Instructions for

Self-service registration

Note: A request context for the browser client is required when a server-side web app uses an embedded SDK as a proxy between itself and Okta. This context contains values (geolocation, IP address, and user agent) that inform a secure response. However, these values are currently taken from the server rather than the client. As a result, network zones and behaviors that drive their conditions based on these request context values don’t currently work.

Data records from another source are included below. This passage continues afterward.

(* Let $\mathcal R$ be a CCTRS. (1) If $s,t\in\mathcal T(\mathcal F,\mathcal V)$ and $s\sqsupset t$, then $\mathrm{label}(s)\rightharpoonup_\rhd\mathrm{label}(t)$. (2) If $s,t\in\mathcal T(\mathcal G,\mathcal V)$ and $s\rightharpoonup_\rhd t$, then $\mathrm{erase}(s)\sqsupset\mathrm{erase}(t)$.
   Context: Terms are built from a signature $\mathcal F$ and variables $\mathcal V$. An (oriented) conditional rewrite rule has the form $\ell\to r\Leftarrow a_1\approx b_1,\dots,a_k\approx b_k$ with $k\ge0$; $s\to_{\mathcal R}t$ iff there are a position $p$, a rule and a substitution $\sigma$ with $s|_p=\ell\sigma$, $t=s[r\sigma]_p$ and $a_j\sigma\to_{\mathcal R}^*b_j\sigma$ for all $j$ (formally the union of the usual approximations $\to_{\mathcal R_i}$). Defined symbols are root symbols of left-hand sides, others are constructors; constructor terms contain only constructors and variables. $\mathcal R{\restriction}f$ is the set of rules whose left-hand side has root $f$. A CCTRS is a set $\mathcal R$ of rules each of the form $f(\ell_1,\dots,\ell_n)\to r\Leftarrow a_1\approx b_1,\dots,a_k\approx b_k$ where $\ell_1,\dots,\ell_n,b_1,\dots,b_k$ are constructor terms, the terms $f(\ell_1,\dots,\ell_n),b_1,\dots,b_k$ pairwise have no common variables, $\mathrm{Var}(r)\subseteq\mathrm{Var}(\ell_1,\dots,\ell_n,b_1,\dots,b_k)$ and $\mathrm{Var}(a_i)\subseteq\mathrm{Var}(\ell_1,\dots,\ell_n,b_1,\dots,b_{i-1})$. Write $s\sqsupset t$ (for unlabeled terms) if there are a position $p$, a rule $\ell\to r\Leftarrow a_1\approx b_1,\dots,a_k\approx b_k$, a substitution $\sigma$ and $1\le i\le k$ with $s|_p=\ell\sigma$, $a_j\sigma\to^* b_j\sigma$ for $1\le j<i$, and $t=a_i\sigma$. Labeled terms: the labeled signature $\mathcal G$ consists of the constructors of $\mathcal F$ together with a symbol $f_R$ (same arity as $f$) for every defined $f$ and every $R\subseteq\mathcal R{\restriction}f$. $\mathrm{label}(t)$ replaces every defined $f$ by $f_{\mathcal R\restriction f}$; $\mathrm{erase}$ removes all labels. A labeled normal form is a term built only from constructors, symbols $f_\emptyset$, and variables. The labeled step relation $\rightharpoonup$ is defined inductively: $s\rightharpoonup t$ if either (i) there are a position $p$ and a rule $\rho\colon\ell\to r\Leftarrow c$ with $s|_p=f_R(s_1,\dots,s_n)$, $\rho\in R$, $t=s[f_{R\setminus\{\rho\}}(s_1,\dots,s_n)]_p$, and linear labeled normal forms $u_1,\dots,u_n$ on fresh variables and $\sigma$ with $s|_p=f_R(u_1,\dots,u_n)\sigma$ and $f(\mathrm{erase}(u_1),\dots,\mathrm{erase}(u_n))$ not unifiable with $\ell$; or (ii) there are $p$, a rule $\rho\colon f(\ell_1,\dots,\ell_n)\to r\Leftarrow a_1\approx b_1,\dots,a_k\approx b_k$, $\sigma$ and $0\le j\le k$ with $s|_p=f_R(\ell_1\sigma,\dots,\ell_n\sigma)$, $\rho\in R$, $\mathrm{label}(a_i)\sigma\rightharpoonup^*b_i\sigma$ for $1\le i\le j$, and either $j=k$ and $t=s[\mathrm{label}(r)\sigma]_p$, or $j<k$, $\mathrm{label}(a_{j+1})\sigma\rightharpoonup^*u\tau$ for some linear labeled normal form $u$ with $\mathrm{erase}(u)$ not unifiable with $b_{j+1}$ and some $\tau$, and $t=s[f_{R\setminus\{\rho\}}(\ell_1\sigma,\dots,\ell_n\sigma)]_p$. Finally $s\rightharpoonup_\rhd t$ if there are a position $p$, a rule $\rho$ as in (ii), a substitution $\sigma$ and $0\le j<k$ with $s|_p=f_R(\ell_1\sigma,\dots,\ell_n\sigma)$, $\rho\in R$, $\mathrm{label}(a_i)\sigma\rightharpoonup^*b_i\sigma$ for $1\le i\le j$, and $t=\mathrm{label}(a_{j+1})\sigma$. *)

theory Defs
  imports Main
begin

datatype ('f, 'v) "term" = Var 'v | Fun 'f "('f, 'v) term list"

fun vars_list :: "('f, 'v) term \<Rightarrow> 'v list" where
  "vars_list (Var x) = [x]"
| "vars_list (Fun f ts) = concat (map vars_list ts)"

definition vars :: "('f, 'v) term \<Rightarrow> 'v set" where
  "vars t = set (vars_list t)"

definition linear :: "('f, 'v) term \<Rightarrow> bool" where
  "linear t \<longleftrightarrow> distinct (vars_list t)"

fun funs :: "('f, 'v) term \<Rightarrow> 'f set" where
  "funs (Var x) = {}"
| "funs (Fun f ts) = insert f (\<Union>t \<in> set ts. funs t)"

fun root :: "('f, 'v) term \<Rightarrow> 'f option" where
  "root (Var x) = None"
| "root (Fun f ts) = Some f"

fun subst_apply :: "('f, 'v) term \<Rightarrow> ('v \<Rightarrow> ('f, 'w) term) \<Rightarrow> ('f, 'w) term"
  (infixl "\<cdot>" 67) where
  "Var x \<cdot> \<sigma> = \<sigma> x"
| "Fun f ts \<cdot> \<sigma> = Fun f (map (\<lambda>t. t \<cdot> \<sigma>) ts)"

text \<open>Positions are lists of (0-based) argument indices.\<close>
inductive is_pos :: "nat list \<Rightarrow> ('f, 'v) term \<Rightarrow> bool" where
  "is_pos [] t"
| "i < length ts \<Longrightarrow> is_pos p (ts ! i) \<Longrightarrow> is_pos (i # p) (Fun f ts)"
(* Let $p$ and $b$ be distinct primes and $a$ a positive integer with $b\mid p^a-1$. Then $$g\Big(\tfrac{p^{ab}-1}{b(p^a-1)},\,p^{ab}\Big)=b.$$ If moreover $p$ and $b$ are both odd, then $$g\Big(\tfrac{2(p^{ab}-1)}{b(p^a-1)},\,p^{ab}\Big)=2b.$$
   Context: For a prime power $q$ and a positive integer $k$, the Waring number $g(k,q)$ is the smallest $s$ (if it exists) such that every element of $\mathbb{F}_q$ is a sum of $s$ $k$-th powers of elements of $\mathbb{F}_q$. *)

theory Defs
  imports "HOL-Computational_Algebra.Primes"
begin

definition sum_of_kth_powers :: "nat \<Rightarrow> nat \<Rightarrow> 'a::field \<Rightarrow> bool" where
  "sum_of_kth_powers k s x \<longleftrightarrow> (\<exists>f :: nat \<Rightarrow> 'a. (\<Sum>i<s. f i ^ k) = x)"

text \<open>Waring number g(k,q) of the finite field 'a (with q = card UNIV):
  the least s such that every element is a sum of s k-th powers; None if no such s exists.\<close>
definition waring_number :: "'a::{field,finite} itself \<Rightarrow> nat \<Rightarrow> nat option" where
  "waring_number _ k =
     (if \<exists>s. \<forall>x::'a. sum_of_kth_powers k s x
      then Some (LEAST s. \<forall>x::'a. sum_of_kth_powers k s x) else None)"

end

theory Submission
  imports "HOL-Algebra.Algebraic_Closure_Type" "HOL-Number_Theory.Residues" Defs
begin

text \<open>Let \<open>Q = p\<^sup>a\<close>, let \<open>F\<close> be the field with \<open>Q\<^sup>b\<close> elements, \<open>K\<close> its subfield fixed by
  \<open>x \<mapsto> x\<^sup>Q\<close>, and \<open>k = (Q\<^sup>b - 1) / (b (Q - 1))\<close>. For a generator \<open>g\<close> of \<open>F\<^sup>*\<close> and \<open>r\<close> not divisible
  by \<open>b\<close>, the element \<open>t = g\<^bsup>r k\<^esup>\<close> satisfies \<open>t\<^sup>Q = z t\<close> with \<open>z = t\<^bsup>Q - 1\<^esup> \<in> K\<close> of order \<open>b\<close>.
  So \<open>1, t, \<dots>, t\<^bsup>b - 1\<^esup>\<close> are Frobenius eigenvectors with distinct eigenvalues and form a
  \<open>K\<close>-basis of \<open>F\<close>, and the \<open>r k\<close>-th powers of \<open>F\<close> are exactly the monomials \<open>c\<^sup>r t\<^sup>i\<close> with
  \<open>c \<in> K\<close>. Sums of \<open>r k\<close>-th powers can therefore be read off coordinatewise, giving
  \<open>g(r k, F) = b \<cdot> g(r, K)\<close>: for \<open>r = 1\<close> each coordinate is a single element of \<open>K\<close>; for \<open>r = 2\<close>
  and \<open>p\<close> odd every element of \<open>K\<close> is a sum of two squares, but not every element is a square.\<close>

section \<open>Multiplicative generators of finite fields\<close>

definition mult_generator :: "'a::field \<Rightarrow> bool" where
  "mult_generator g \<longleftrightarrow> g \<noteq> 0 \<and> (\<forall>x. x \<noteq> 0 \<longrightarrow> (\<exists>i. x = g ^ i))"

lemma finite_field_has_mult_generator: "\<exists>g::'a::{field,finite}. mult_generator g"
proof -
  let ?R = "ring_of_type_algebra :: 'a ring"
  interpret R: field ?R by (rule field_from_type_algebra)
  obtain g where g: "g \<in> carrier (mult_of ?R)"
    and gen: "carrier (mult_of ?R) = {g [^]\<^bsub>?R\<^esub> i | i::nat. i \<in> UNIV}"
    using R.finite_field_mult_group_has_gen by (auto simp: ring_of_type_algebra_def)
  have "g [^]\<^bsub>?R\<^esub> i = g ^ i" for i :: nat
    by (induction i) (simp_all add: ring_of_type_algebra_def)
  with g gen have "g \<noteq> 0" "UNIV - {0} = range (\<lambda>i. g ^ i)"
    by (auto simp: ring_of_type_algebra_def)
  then show ?thesis
    unfolding mult_generator_def by blast
qed

lemma power_card_minus_one_eq_1:
  fixes x :: "'a::{field,finite}"
  assumes "x \<noteq> 0"
  shows "x ^ (card (UNIV::'a set) - 1) = 1"
proof -
  have "(\<Prod>y\<in>UNIV-{0}. x * y) = (\<Prod>y\<in>UNIV-{0::'a}. y)"
    by (rule prod.reindex_bij_witness[of _ "\<lambda>y. y / x" "\<lambda>y. x * y"]) (use assms in auto)
  moreover have "(\<Prod>y\<in>UNIV-{0}. x * y) = x ^ (card (UNIV::'a set) - 1) * (\<Prod>y\<in>UNIV-{0::'a}. y)"
    by (simp add: prod.distrib card_Diff_singleton)
  ultimately show ?thesis
    by (metis mult_cancel_right2 prod_zero_iff DiffD2 finite insertI1)
qed

lemma card_field_ge_2: "card (UNIV :: 'a::{field,finite} set) \<ge> 2"
  using card_mono[of "UNIV :: 'a set" "{0, 1}"] by simp

lemma nonzero_card_minus_one:
  "card (UNIV :: 'a::{field,finite} set) - 1 = n \<Longrightarrow> n \<noteq> 0"
  using card_field_ge_2[where 'a='a] by linarith

lemma mult_generator_power_eq_iff:
  fixes g :: "'a::{field,finite}"
  assumes "mult_generator g"
  shows "g ^ i = g ^ j \<longleftrightarrow> [i = j] (mod (card (UNIV::'a set) - 1))"
proof -
  define N where "N = card (UNIV::'a set) - 1"
  have g0: "g \<noteq> 0" and gen: "\<And>x. x \<noteq> 0 \<Longrightarrow> \<exists>i. x = g ^ i"
    using assms by (auto simp: mult_generator_def)
  have "N > 0" using card_field_ge_2[where 'a='a] by (simp add: N_def)
  have mod_N: "g ^ n = g ^ (n mod N)" for n
  proof -
    have "g ^ n = (g ^ N) ^ (n div N) * g ^ (n mod N)"
      by (metis div_mult_mod_eq power_add power_mult mult.commute)
    then show ?thesis using power_card_minus_one_eq_1[OF g0] by (simp add: N_def)
  qed
  have "(\<lambda>i. g ^ i) ` {..<N} = UNIV - {0}"
  proof
    show "UNIV - {0} \<subseteq> (\<lambda>i. g ^ i) ` {..<N}"
    proof
      fix x :: 'a assume "x \<in> UNIV - {0}"
      then obtain i where "x = g ^ (i mod N)" using gen mod_N by auto
      then show "x \<in> (\<lambda>i. g ^ i) ` {..<N}" using \<open>N > 0\<close> by auto
    qed
  qed (use g0 in auto)
  then have "card ((\<lambda>i. g ^ i) ` {..<N}) = card {..<N}"
    by (simp add: card_Diff_singleton N_def)
  then have inj: "inj_on (\<lambda>i. g ^ i) {..<N}"
    by (simp add: eq_card_imp_inj_on)
  have "g ^ i = g ^ j \<longleftrightarrow> g ^ (i mod N) = g ^ (j mod N)"
    using mod_N by metis
  also have "\<dots> \<longleftrightarrow> i mod N = j mod N"
    using inj_onD[OF inj] \<open>N > 0\<close> by auto
  finally show ?thesis by (simp add: cong_def N_def)
qed

lemma CHAR_eq_of_card_eq_prime_power:
  assumes "prime p" and "card (UNIV::'a::{field,finite} set) = p ^ n"
  shows "CHAR('a) = p"
proof -
  have "prime CHAR('a)"
    by (simp add: finite_imp_CHAR_pos prime_CHAR_semidom)
  moreover have "CHAR('a) dvd p ^ n"
    using CHAR_dvd_CARD[where 'a='a] assms(2) by simp
  ultimately show ?thesis
    using assms(1) prime_dvd_power primes_dvd_imp_eq by blast
qed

Enable a self-registration flow in your app using the embedded SDK.

Learning outcomes

Configure your Okta org for self-service registration.
Set up the password, email, and/or phone authentication factors.
Set up and send a verification email during new user registration.

What you need

An app that uses the embedded Identity Engine SDK
Okta org already configured for a multifactor use case
Identity Engine SDK set up for your own app

Sample code

Overview

Self-service registration allows users to sign up to an app by themselves. In this use case, the user must register with a password, email, and/or phone factors. Enable self-service registration for the app in your Okta org and then build the self-service registration flow in your app.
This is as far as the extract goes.